Why does the Fossil SCM use TEXT to store hashes?

698 views Asked by At

I was wondering how should I store a hash In the Fossil SCM, SHA1 hashes are stored as text of length 40.

CREATE TABLE blob(
  rid INTEGER PRIMARY KEY,
  rcvid INTEGER,
  size INTEGER,
  uuid TEXT UNIQUE NOT NULL,
  content BLOB,
  CHECK( length(uuid)==40 AND rid>0 )
);
sqlite> select * from blob;
1|1|169|6fc9d28454d4d070ca863bbbdbf9835f3505d585|
2|2|687|f59c73c1dbdea48cd2330d5a309445d756fc6901|
3|2|221|84ddeef14a657366246e6d9dcb11e2b3669cd896|
4|3|695|0311113ca8c18fb3e83c9e35e0e49e373c089f08|
5|3|224|5c577d268419caea733544ba5c81932beead3bf7|

To a layman like myself it seems inefficient each character needs 8 bits, and gives 4 (0-f). I also I found that the MySQL docs to agree with me

The size penalty for storing the hex string in a CHAR column is at least two times, up to eight times if the value is stored in a column that uses the utf8 character set (where each character uses 4 bytes). Storing the string also results in slower comparisons because of the larger values and the need to take character set collation rules into account.

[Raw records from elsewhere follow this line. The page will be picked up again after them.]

(* Let $Y\sim N(\theta,\sigma^2)$ with $\sigma>0$, let $\tau\ge1$, and let $\theta_0=E_0(Y^2-\sigma^2\tau)_+$, where $E_0$ denotes expectation under $\theta=0$. Then $$\big(E(Y^2-\sigma^2\tau)_+-\theta_0\big)^2\le\max\Big\{6\sigma^2\theta^2+\sigma^4\frac{4\tau^{1/2}+18}{e^{\tau/2}},\;10\theta^4\Big\}.$$
   Context: $x_+=\max\{x,0\}$. *)

theory Defs
  imports "HOL-Probability.Probability"
begin

definition pos_part :: "real \<Rightarrow> real" where
  "pos_part x = max x 0"

text \<open>E_theta (Y^2 - sigma^2 tau)_+ for Y ~ N(theta, sigma^2); normal_density mu sigma uses
  the standard deviation sigma.\<close>
definition trunc_moment :: "real \<Rightarrow> real \<Rightarrow> real \<Rightarrow> real" where
  "trunc_moment \<theta> \<sigma> \<tau> =
     integral\<^sup>L (density lborel (normal_density \<theta> \<sigma>)) (\<lambda>y. pos_part (y\<^sup>2 - \<sigma>\<^sup>2 * \<tau>))"

end

theory Submission
  imports Defs
begin

text \<open>Shifting Y ~ N(\<theta>, \<sigma>^2) to the centred X ~ N(0, \<sigma>^2), the difference
  E_\<theta> h(Y) - E_0 h(Y) with h y = (y^2 - \<sigma>^2 \<tau>)_+ becomes E D(X) with
  D x = h(\<theta> + x) - h(x). Since the positive part is 1-Lipschitz, |D x| \<le> |2 \<theta> x + \<theta>^2|,
  hence (E D)^2 \<le> E D^2 \<le> E (2 \<theta> X + \<theta>^2)^2 = 4 \<theta>^2 \<sigma>^2 + \<theta>^4. This is at most
  6 \<sigma>^2 \<theta>^2 when \<theta>^2 \<le> 2 \<sigma>^2 and at most 10 \<theta>^4 otherwise.\<close>

lemma integral_normal_density_shift:
  fixes f :: "real \<Rightarrow> real"
  assumes [measurable]: "f \<in> borel_measurable borel"
  shows "integral\<^sup>L (density lborel (normal_density \<mu> \<sigma>)) f =
         integral\<^sup>L (density lborel (normal_density 0 \<sigma>)) (\<lambda>x. f (\<mu> + x))"
proof -
  have "integral\<^sup>L (density lborel (normal_density \<mu> \<sigma>)) f = (\<integral>y. normal_density \<mu> \<sigma> y * f y \<partial>lborel)"
    by (subst integral_density) auto
  also have "\<dots> = (\<integral>x. normal_density \<mu> \<sigma> (\<mu> + 1 * x) * f (\<mu> + 1 * x) \<partial>lborel)"
    by (subst lborel_integral_real_affine[where c=1 and t=\<mu>]) auto
  also have "\<dots> = (\<integral>x. normal_density 0 \<sigma> x * f (\<mu> + x) \<partial>lborel)"
    by (simp add: normal_density_def)
  also have "\<dots> = integral\<^sup>L (density lborel (normal_density 0 \<sigma>)) (\<lambda>x. f (\<mu> + x))"
    by (subst integral_density) auto
  finally show ?thesis .
qed

lemma integrable_centered_normal_power:
  assumes "\<sigma> > 0"
  shows "integrable (density lborel (normal_density 0 \<sigma>)) (\<lambda>x. x ^ k)"
  using integrable_normal_moment[OF assms, of 0 k] by (subst integrable_density) auto

lemma integral_centered_normal_id:
  assumes "\<sigma> > 0"
  shows "integral\<^sup>L (density lborel (normal_density 0 \<sigma>)) (\<lambda>x. x) = 0"
  using integral_normal_moment_odd[OF assms, of 0 0] by (subst integral_density) auto

lemma integral_centered_normal_square:
  assumes "\<sigma> > 0"
  shows "integral\<^sup>L (density lborel (normal_density 0 \<sigma>)) (\<lambda>x. x\<^sup>2) = \<sigma>\<^sup>2"
  using integral_normal_moment_even[OF assms, of 0 1] by (subst integral_density) auto

lemma affine_square_expand: "(\<lambda>x. (a * x + b)\<^sup>2) = (\<lambda>x::real. a\<^sup>2 * x\<^sup>2 + 2 * a * b * x + b\<^sup>2)"
  by (auto simp: power2_eq_square algebra_simps)

lemma integrable_centered_normal_affine_square:
  assumes "\<sigma> > 0"
  shows "integrable (density lborel (normal_density 0 \<sigma>)) (\<lambda>x. (a * x + b)\<^sup>2)"
proof -
  interpret prob_space "density lborel (normal_density 0 \<sigma>)"
    using prob_space_normal_density[OF assms] .
  show ?thesis
    using integrable_centered_normal_power[OF assms, of 1] integrable_centered_normal_power[OF assms, of 2]
    by (simp add: affine_square_expand)
qed

lemma integral_centered_normal_affine_square:
  assumes "\<sigma> > 0"
  shows "integral\<^sup>L (density lborel (normal_density 0 \<sigma>)) (\<lambda>x. (a * x + b)\<^sup>2) = a\<^sup>2 * \<sigma>\<^sup>2 + b\<^sup>2"
proof -
  interpret prob_space "density lborel (normal_density 0 \<sigma>)"
    using prob_space_normal_density[OF assms] .
  show ?thesis
    using integrable_centered_normal_power[OF assms, of 1] integrable_centered_normal_power[OF assms, of 2]
      integral_centered_normal_id[OF assms] integral_centered_normal_square[OF assms]
    by (simp add: affine_square_expand prob_space[simplified])
qed

lemma integrable_centered_normal_lipschitz_of_square:
  fixes f :: "real \<Rightarrow> real"
  assumes "\<sigma> > 0" and f_lipschitz: "L-lipschitz_on UNIV f"
  shows "integrable (density lborel (normal_density 0 \<sigma>)) (\<lambda>x. f (x\<^sup>2))"
proof (rule Bochner_Integration.integrable_bound)
  interpret prob_space "density lborel (normal_density 0 \<sigma>)"
    using prob_space_normal_density[OF assms(1)] .
  show "integrable (density lborel (normal_density 0 \<sigma>)) (\<lambda>x. \<bar>f 0\<bar> + L * x ^ 2)"
    using integrable_centered_normal_power[OF assms(1), of 2] by simp
  show "AE x in density lborel (normal_density 0 \<sigma>). norm (f (x\<^sup>2)) \<le> norm (\<bar>f 0\<bar> + L * x ^ 2)"
  proof (intro AE_I2)
    fix x :: real
    have "\<bar>f (x\<^sup>2) - f 0\<bar> \<le> L * x\<^sup>2"
      using lipschitz_onD[OF f_lipschitz, of "x\<^sup>2" 0] by (simp add: dist_real_def)
    then show "norm (f (x\<^sup>2)) \<le> norm (\<bar>f 0\<bar> + L * x ^ 2)"
      using lipschitz_on_nonneg[OF f_lipschitz] by simp
  qed
  have [measurable]: "f \<in> borel_measurable borel"
    using lipschitz_on_continuous_on[OF f_lipschitz] by (rule borel_measurable_continuous_onI)
  show "(\<lambda>x. f (x\<^sup>2)) \<in> borel_measurable (density lborel (normal_density 0 \<sigma>))"
    by measurable
qed

lemma (in prob_space) square_expectation_le:
  fixes X :: "'a \<Rightarrow> real"
  assumes "integrable M X" and "integrable M (\<lambda>x. (X x)\<^sup>2)"
  shows "(expectation X)\<^sup>2 \<le> expectation (\<lambda>x. (X x)\<^sup>2)"
  using variance_eq[OF assms] variance_positive[of X] by simp

lemma lipschitz_of_square_shift_sq_le:
  fixes f :: "real \<Rightarrow> real"
  assumes "1-lipschitz_on UNIV f"
  shows "(f ((\<theta> + x)\<^sup>2) - f (x\<^sup>2))\<^sup>2 \<le> (2 * \<theta> * x + \<theta>\<^sup>2)\<^sup>2"
proof -
  have "\<bar>f ((\<theta> + x)\<^sup>2) - f (x\<^sup>2)\<bar> \<le> \<bar>(\<theta> + x)\<^sup>2 - x\<^sup>2\<bar>"
    using lipschitz_onD[OF assms] by (simp add: dist_real_def)
  then show ?thesis
    by (simp add: abs_le_square_iff power2_eq_square algebra_simps)
qed

lemma normal_lipschitz_of_square_shift:
  fixes f :: "real \<Rightarrow> real"
  assumes "\<sigma> > 0" and f_lipschitz: "1-lipschitz_on UNIV f"
  shows "(integral\<^sup>L (density lborel (normal_density \<theta> \<sigma>)) (\<lambda>y. f (y\<^sup>2))
           - integral\<^sup>L (density lborel (normal_density 0 \<sigma>)) (\<lambda>y. f (y\<^sup>2)))\<^sup>2
         \<le> 4 * \<theta>\<^sup>2 * \<sigma>\<^sup>2 + \<theta> ^ 4"
proof -
  define N where "N = density lborel (normal_density 0 \<sigma>)"
  interpret N: prob_space N
    unfolding N_def using prob_space_normal_density[OF assms(1)] .
  have [measurable]: "f \<in> borel_measurable borel"
    using lipschitz_on_continuous_on[OF f_lipschitz] by (rule borel_measurable_continuous_onI)
  define D where "D x = f ((\<theta> + x)\<^sup>2) - f (x\<^sup>2)" for x
  have [measurable]: "D \<in> borel_measurable N"
    unfolding D_def N_def by measurable
  define B where "B x = 2 * \<theta> * x + \<theta>\<^sup>2" for x
  have D_sq_le_B_sq: "(D x)\<^sup>2 \<le> (B x)\<^sup>2" for x
    unfolding D_def B_def using f_lipschitz by (rule lipschitz_of_square_shift_sq_le)
  have int_B_sq: "integrable N (\<lambda>x. (B x)\<^sup>2)"
    unfolding N_def B_def by (rule integrable_centered_normal_affine_square[OF assms(1)])
  have int_D_sq: "integrable N (\<lambda>x. (D x)\<^sup>2)"
    by (rule Bochner_Integration.integrable_bound[OF int_B_sq]) (simp_all add: D_sq_le_B_sq)
  have int_f: "integrable N (\<lambda>x. f (x\<^sup>2))"
    unfolding N_def using assms by (rule integrable_centered_normal_lipschitz_of_square)
  have int_D: "integrable N D"
    using N.square_integrable_imp_integrable[OF _ int_D_sq] by simp
  have "integral\<^sup>L (density lborel (normal_density \<theta> \<sigma>)) (\<lambda>y. f (y\<^sup>2)) = integral\<^sup>L N (\<lambda>x. D x + f (x\<^sup>2))"
    by (subst integral_normal_density_shift) (simp_all add: N_def D_def)
  then have "integral\<^sup>L (density lborel (normal_density \<theta> \<sigma>)) (\<lambda>y. f (y\<^sup>2))
        - integral\<^sup>L N (\<lambda>y. f (y\<^sup>2)) = N.expectation D"
    using int_D int_f by simp
  moreover have "(N.expectation D)\<^sup>2 \<le> N.expectation (\<lambda>x. (D x)\<^sup>2)"
    using int_D int_D_sq by (rule N.square_expectation_le)
  moreover have "\<dots> \<le> N.expectation (\<lambda>x. (B x)\<^sup>2)"
    using int_D_sq int_B_sq D_sq_le_B_sq by (rule integral_mono)
  moreover have "\<dots> = 4 * \<theta>\<^sup>2 * \<sigma>\<^sup>2 + \<theta> ^ 4"
    unfolding N_def B_def using integral_centered_normal_affine_square[OF assms(1), of "2 * \<theta>" "\<theta>\<^sup>2"]
    by (simp add: power_mult_distrib flip: power_mult)
  ultimately show ?thesis
    by (simp add: N_def)
qed

lemma quartic_le_max:
  fixes a b c :: real
  assumes "0 \<le> a" "0 \<le> b" "0 \<le> c"
  shows "4 * a * b + a\<^sup>2 \<le> max (6 * b * a + c) (10 * a\<^sup>2)"
proof (cases "a \<le> 2 * b")
  case True
  then have "a\<^sup>2 \<le> 2 * b * a"
    using assms by (simp add: power2_eq_square mult_right_mono)
  then show ?thesis using assms by (simp add: algebra_simps)
next
  case False
  then have "4 * a * b \<le> 2 * a\<^sup>2"
    using assms by (simp add: power2_eq_square mult_left_mono)
  then show ?thesis
    using zero_le_power2[of a] by (intro order_trans[OF _ max.cobounded2]) linarith
qed

theorem lemma2:
  fixes \<theta> \<sigma> \<tau> :: real
  assumes "\<sigma> > 0" and "\<tau> \<ge> 1"
  shows "(trunc_moment \<theta> \<sigma> \<tau> - trunc_moment 0 \<sigma> \<tau>)\<^sup>2
           \<le> max (6 * \<sigma>\<^sup>2 * \<theta>\<^sup>2 + \<sigma> ^ 4 * (4 * sqrt \<tau> + 18) / exp (\<tau> / 2))
                 (10 * \<theta> ^ 4)"
proof -
  have "1-lipschitz_on UNIV (\<lambda>u. pos_part (u - \<sigma>\<^sup>2 * \<tau>))"
    by (intro lipschitz_onI) (auto simp: dist_real_def pos_part_def)
  from normal_lipschitz_of_square_shift[OF assms(1) this, of \<theta>]
  have "(trunc_moment \<theta> \<sigma> \<tau> - trunc_moment 0 \<sigma> \<tau>)\<^sup>2 \<le> 4 * \<theta>\<^sup>2 * \<sigma>\<^sup>2 + (\<theta>\<^sup>2)\<^sup>2"
    by (simp add: trunc_moment_def flip: power_mult)
  also have "\<dots> \<le> max (6 * \<sigma>\<^sup>2 * \<theta>\<^sup>2 + \<sigma> ^ 4 * (4 * sqrt \<tau> + 18) / exp (\<tau> / 2)) (10 * (\<theta>\<^sup>2)\<^sup>2)"
    using assms by (intro quartic_le_max) auto
  finally show ?thesis
    by (simp flip: power_mult)
qed

end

Is it that this column is not used as a key, and thus its size isn't such a big deal? No sir! From src/content.c@content_put:475 we can see

db_prepare(&s1, "SELECT rid, size FROM blob WHERE uuid=%B", &hash);

The fossil developer is smarter than me, so the hash is probably somehow stored in a compact binary form, however I don't understand how exactly is that happening.

2

There are 2 answers

0
Elazar Leibovich On BEST ANSWER

The OP is right, it's inefficient. However it helps debugging the software, and it takes relatively small amount of space, so it's a compromise between developer convenience and efficiency.

3
Benoit On

Fossil does not rely on a MySQL database at all, but on an SQLite database. An SQLite database has weak typing.